» ASSIGNMENT:
Each line of the listing below that includes "lambda" must be copied.
────────────────────
text \<open>State after k bid rounds: (assigned tasks A, winning edges W, assignment a).\<close>
fun auction_state :: "'v set \<Rightarrow> 'v set \<Rightarrow> ('v set \<Rightarrow> ennreal) \<Rightarrow> nat
    \<Rightarrow> 'v set \<times> 'v set list \<times> ('v \<Rightarrow> nat)" where
  "auction_state R T c 0 = ({}, [], (\<lambda>_. 0))"
| "auction_state R T c (Suc k) =
     (case auction_state R T c k of (A, W, a) \<Rightarrow>
        let w = arg_min c (\<lambda>e. e \<in> candidates R T A);
            t = (THE t. t \<in> w \<and> t \<in> T - A)
        in (insert t A, W @ [w], a(t := Suc k)))"

definition auction :: "'v set \<Rightarrow> 'v set \<Rightarrow> ('v set \<Rightarrow> ennreal) \<Rightarrow> 'v set list \<times> ('v \<Rightarrow> nat)" where
  "auction R T c = (case auction_state R T c (card T) of (A, W, a) \<Rightarrow> (W, a))"

text \<open>B_e: bid rounds in which edge e = {x,y} is considered.\<close>
definition bid_rounds :: "('v \<Rightarrow> nat) \<Rightarrow> 'v set \<Rightarrow> nat set" where
  "bid_rounds a e = {k. Min (a ` e) < k \<and> k \<le> Max (a ` e)}"

end

theory Submission
  imports Defs
begin

text \<open>Changing the cost of an edge e that never wins can only matter in a bid round in which e
is a candidate, and there it replaces that round's winner exactly when c'(e) undercuts the
winning cost (ties are excluded by injectivity of c'). The final assignment tells in which
rounds e = {x, y} is a candidate: a vertex lies in R or among the tasks assigned before round k
iff its label is below k, so e is a candidate in round k iff k \<in> B_e. If c'(e) exceeds every
winning cost over B_e, both runs make the same choice in every round. Otherwise the runs
agree up to the first undercutting round, in which the perturbed run picks e, an edge the
original run never picks.\<close>

lemma arg_min_on_inj_eq:
  fixes f :: "'a \<Rightarrow> 'b::order"
  assumes "inj_on f C" "a \<in> C" "\<And>y. y \<in> C \<Longrightarrow> f a \<le> f y"
  shows "arg_min_on f C = a"
  unfolding arg_min_on_def using assms by (intro arg_min_inj_eq) auto

lemma arg_min_on_perturbed:
  fixes c c' :: "'a \<Rightarrow> 'b::linorder"
  assumes "finite C" "C \<noteq> {}" "inj_on c' C"
    and "\<forall>f \<in> C - {e}. c' f = c f" and "arg_min_on c C \<noteq> e"
  shows "arg_min_on c' C =
    (if e \<in> C \<and> c' e < c (arg_min_on c C) then e else arg_min_on c C)"
proof -
  let ?w = "arg_min_on c C"
  have w: "?w \<in> C" "\<And>f. f \<in> C \<Longrightarrow> c ?w \<le> c f"
    using arg_min_if_finite(1)[OF assms(1,2), of c] arg_min_least[OF assms(1,2), of _ c] by simp_all
  show ?thesis
  proof (cases "e \<in> C \<and> c' e < c ?w")
    case True
    have "c' e \<le> c' f" if "f \<in> C" for f
      using True w(2)[OF that] assms(4) that by (cases "f = e") auto
    with True assms(3) show ?thesis by (simp add: arg_min_on_inj_eq)
  next
    case False
    have "c' ?w \<le> c' f" if "f \<in> C" for f
      using False w assms(4,5) that by (cases "f = e") (auto simp: not_less)
    then have "arg_min_on c' C = ?w" using assms(3) w(1) by (rule arg_min_on_inj_eq[rotated 2])
    with False show ?thesis by auto
  qed
qed

lemma doubleton_mem_candidates_iff:
  "{x, y} \<in> candidates R T A \<longleftrightarrow>
    (x \<in> R \<union> A \<and> y \<in> T - A) \<or> (y \<in> R \<union> A \<and> x \<in> T - A)"
  unfolding candidates_def by (auto simp: doubleton_eq_iff)

lemma Suc_mem_bid_rounds_doubleton_iff:
  "Suc k \<in> bid_rounds a {x, y} \<longleftrightarrow> (a x \<le> k \<and> k < a y) \<or> (a y \<le> k \<and> k < a x)"
  unfolding bid_rounds_def by auto

lemma bid_rounds_subset:
  assumes "finite e" "e \<noteq> {}" "\<And>x. a x \<le> m"
  shows "bid_rounds a e \<subseteq> {1..m}"
proof -
  have "Max (a ` e) \<le> m" using assms by simp
  then show ?thesis unfolding bid_rounds_def by auto
qed

definition assigned_tasks :: "'v set \<Rightarrow> 'v set \<Rightarrow> ('v set \<Rightarrow> ennreal) \<Rightarrow> nat \<Rightarrow> 'v set" where
  "assigned_tasks R T c k = fst (auction_state R T c k)"

definition winner_list :: "'v set \<Rightarrow> 'v set \<Rightarrow> ('v set \<Rightarrow> ennreal) \<Rightarrow> nat \<Rightarrow> 'v set list" where
  "winner_list R T c k = fst (snd (auction_state R T c k))"

definition assignment :: "'v set \<Rightarrow> 'v set \<Rightarrow> ('v set \<Rightarrow> ennreal) \<Rightarrow> nat \<Rightarrow> 'v \<Rightarrow> nat" where
  "assignment R T c k = snd (snd (auction_state R T c k))"

text \<open>Rounds are numbered from 0 here: round_winner R T c k is the paper's w_(k+1), and the
task it assigns gets label Suc k.\<close>

definition round_winner :: "'v set \<Rightarrow> 'v set \<Rightarrow> ('v set \<Rightarrow> ennreal) \<Rightarrow> nat \<Rightarrow> 'v set" where
  "round_winner R T c k = arg_min_on c (candidates R T (assigned_tasks R T c k))"

definition round_task :: "'v set \<Rightarrow> 'v set \<Rightarrow> ('v set \<Rightarrow> ennreal) \<Rightarrow> nat \<Rightarrow> 'v" where
  "round_task R T c k = (THE t. t \<in> round_winner R T c k \<and> t \<in> T - assigned_tasks R T c k)"

lemma auction_state_Suc_eq:
  "auction_state R T c (Suc k) =
    (insert (round_task R T c k) (assigned_tasks R T c k),
     winner_list R T c k @ [round_winner R T c k],
     (assignment R T c k)(round_task R T c k := Suc k))"
proof -
  have state: "auction_state R T c k = (assigned_tasks R T c k, winner_list R T c k, assignment R T c k)"
    by (simp add: assigned_tasks_def winner_list_def assignment_def)
  show ?thesis
    unfolding auction_state.simps(2) state
    by (simp add: Let_def round_task_def round_winner_def arg_min_on_def)
qed

lemma auction_state_components_0 [simp]:
  "assigned_tasks R T c 0 = {}" "winner_list R T c 0 = []" "assignment R T c 0 = (\<lambda>_. 0)"
  by (simp_all add: assigned_tasks_def winner_list_def assignment_def)

lemma auction_state_components_Suc [simp]:
  "assigned_tasks R T c (Suc k) = insert (round_task R T c k) (assigned_tasks R T c k)"
  "winner_list R T c (Suc k) = winner_list R T c k @ [round_winner R T c k]"
  "assignment R T c (Suc k) = (assignment R T c k)(round_task R T c k := Suc k)"
  by (simp_all add: assigned_tasks_def winner_list_def assignment_def auction_state_Suc_eq
      del: auction_state.simps)

lemma auction_eq_final_state:
  "auction R T c = (winner_list R T c (card T), assignment R T c (card T))"
  by (simp add: auction_def winner_list_def assignment_def split: prod.split)

lemma length_winner_list [simp]: "length (winner_list R T c k) = k"
  by (induction k) simp_all

lemma nth_winner_list: "j < k \<Longrightarrow> winner_list R T c k ! j = round_winner R T c j"
  by (induction k) (auto simp: nth_append less_Suc_eq)

lemma assignment_le: "assignment R T c k x \<le> k"
  by (induction k) (simp_all add: le_SucI)

lemma assignment_pos_iff: "0 < assignment R T c k x \<longleftrightarrow> x \<in> assigned_tasks R T c k"
  by (induction k) auto

lemma assigned_tasks_mono: "j \<le> k \<Longrightarrow> assigned_tasks R T c j \<subseteq> assigned_tasks R T c k"
  by (induction k rule: dec_induct) auto

lemma auction_state_eq_if_same_winners:
  assumes "\<forall>j<k. arg_min_on c' (candidates R T (assigned_tasks R T c j)) = round_winner R T c j"
  shows "auction_state R T c k = auction_state R T c' k"
  using assms
proof (induction k)
  case (Suc k)
  then have IH: "auction_state R T c k = auction_state R T c' k" by simp
  then have "assigned_tasks R T c' k = assigned_tasks R T c k"
    by (simp add: assigned_tasks_def)
  with Suc.prems have "round_winner R T c' k = round_winner R T c k"
    by (simp add: round_winner_def)
  moreover from IH have "winner_list R T c' k = winner_list R T c k"
    "assignment R T c' k = assignment R T c k"
    by (simp_all add: winner_list_def assignment_def)
  ultimately show ?case
    using \<open>assigned_tasks R T c' k = assigned_tasks R T c k\<close>
    by (simp add: auction_state_Suc_eq round_task_def del: auction_state.simps)
qed simp

locale robot_task_sets =
  fixes R T :: "'v set"
  assumes finite_R: "finite R" and finite_T: "finite T"
    and disjoint: "R \<inter> T = {}" and R_nonempty: "R \<noteq> {}"
begin

lemma candidates_subset_edges: "A \<subseteq> T \<Longrightarrow> candidates R T A \<subseteq> rt_edges R T"
  using disjoint unfolding candidates_def rt_edges_def by blast

lemma finite_candidates: "A \<subseteq> T \<Longrightarrow> finite (candidates R T A)"
proof -
  assume "A \<subseteq> T"
  then have "candidates R T A \<subseteq> Pow (R \<union> T)" unfolding candidates_def by auto
  then show ?thesis by (rule finite_subset) (simp add: finite_R finite_T)
qed

lemma candidates_nonempty:
  assumes "A \<subseteq> T" "A \<noteq> T"
  shows "candidates R T A \<noteq> {}"
proof -
  obtain t where "t \<in> T - A" using assms by blast
  moreover obtain r where "r \<in> R" using R_nonempty by blast
  ultimately have "{r, t} \<in> candidates R T A" unfolding candidates_def by blast
  then show ?thesis by blast
qed

lemma arg_min_on_candidates:
  fixes c :: "'v set \<Rightarrow> 'b::order"
  assumes "A \<subseteq> T" "A \<noteq> T"
  shows "arg_min_on c (candidates R T A) \<in> candidates R T A"
  using arg_min_if_finite(1)[OF finite_candidates[OF assms(1)] candidates_nonempty[OF assms]] .

lemma unassigned_task_of_candidate:
  assumes "A \<subseteq> T" "w \<in> candidates R T A"
  shows "(THE t. t \<in> w \<and> t \<in> T - A) \<in> T - A"
proof -
  obtain s t where w: "w = {s, t}" "s \<in> R \<union> A" "t \<in> T - A"
    using assms(2) unfolding candidates_def by blast
  have "(THE t. t \<in> w \<and> t \<in> T - A) = t"
    using w assms(1) disjoint by (intro the_equality) auto
  with w show ?thesis by simp
qed

lemma assigned_tasks_subset_card:
  "k \<le> card T \<Longrightarrow> assigned_tasks R T c k \<subseteq> T \<and> card (assigned_tasks R T c k) = k"
proof (induction k)
  case (Suc k)
  then have A: "assigned_tasks R T c k \<subseteq> T" "card (assigned_tasks R T c k) = k" by simp_all
  with Suc.prems have "assigned_tasks R T c k \<noteq> T" by auto
  with A have "round_task R T c k \<in> T - assigned_tasks R T c k"
    unfolding round_task_def round_winner_def
    by (intro unassigned_task_of_candidate[OF A(1)] arg_min_on_candidates[OF A(1)])
  moreover have "finite (assigned_tasks R T c k)" using A(1) finite_T by (rule finite_subset)
  ultimately show ?case using A by simp
qed simp

lemma round_winner_in_candidates:
  assumes "k < card T"
  shows "round_winner R T c k \<in> candidates R T (assigned_tasks R T c k)"
proof -
  have "assigned_tasks R T c k \<subseteq> T" "assigned_tasks R T c k \<noteq> T"
    using assigned_tasks_subset_card[of k c] assms by auto
  then show ?thesis unfolding round_winner_def by (rule arg_min_on_candidates)
qed

lemma round_task_unassigned:
  assumes "k < card T"
  shows "round_task R T c k \<notin> assigned_tasks R T c k"
proof -
  have "assigned_tasks R T c k \<subseteq> T" using assigned_tasks_subset_card[of k c] assms by simp
  from unassigned_task_of_candidate[OF this round_winner_in_candidates[OF assms]]
  show ?thesis unfolding round_task_def by simp
qed

lemma assigned_tasks_final: "assigned_tasks R T c (card T) = T"
  using assigned_tasks_subset_card[of "card T" c] card_subset_eq[OF finite_T] by simp

lemma assigned_tasks_eq:
  assumes "k \<le> m" "m \<le> card T"
  shows "assigned_tasks R T c k = {x. 0 < assignment R T c m x \<and> assignment R T c m x \<le> k}"
  using assms
proof (induction m rule: dec_induct)
  case base
  show ?case by (auto simp: assignment_pos_iff assignment_le)
next
  case (step m)
  have "round_task R T c m \<notin> assigned_tasks R T c m"
    using step.hyps(2) step.prems by (simp add: round_task_unassigned)
  moreover have "assigned_tasks R T c k \<subseteq> assigned_tasks R T c m"
    using step.hyps(1) by (rule assigned_tasks_mono)
  ultimately have "round_task R T c m \<notin> assigned_tasks R T c k" by blast
  with step show ?case by auto
qed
────────────────────
» EXERCISE SOLUTION:
  "auction_state R T c 0 = ({}, [], (\<lambda>_. 0))"
        let w = arg_min c (\<lambda>e. e \<in> candidates R T A);
  "assigned_tasks R T c 0 = {}" "winner_list R T c 0 = []" "assignment R T c 0 = (\<lambda>_. 0)"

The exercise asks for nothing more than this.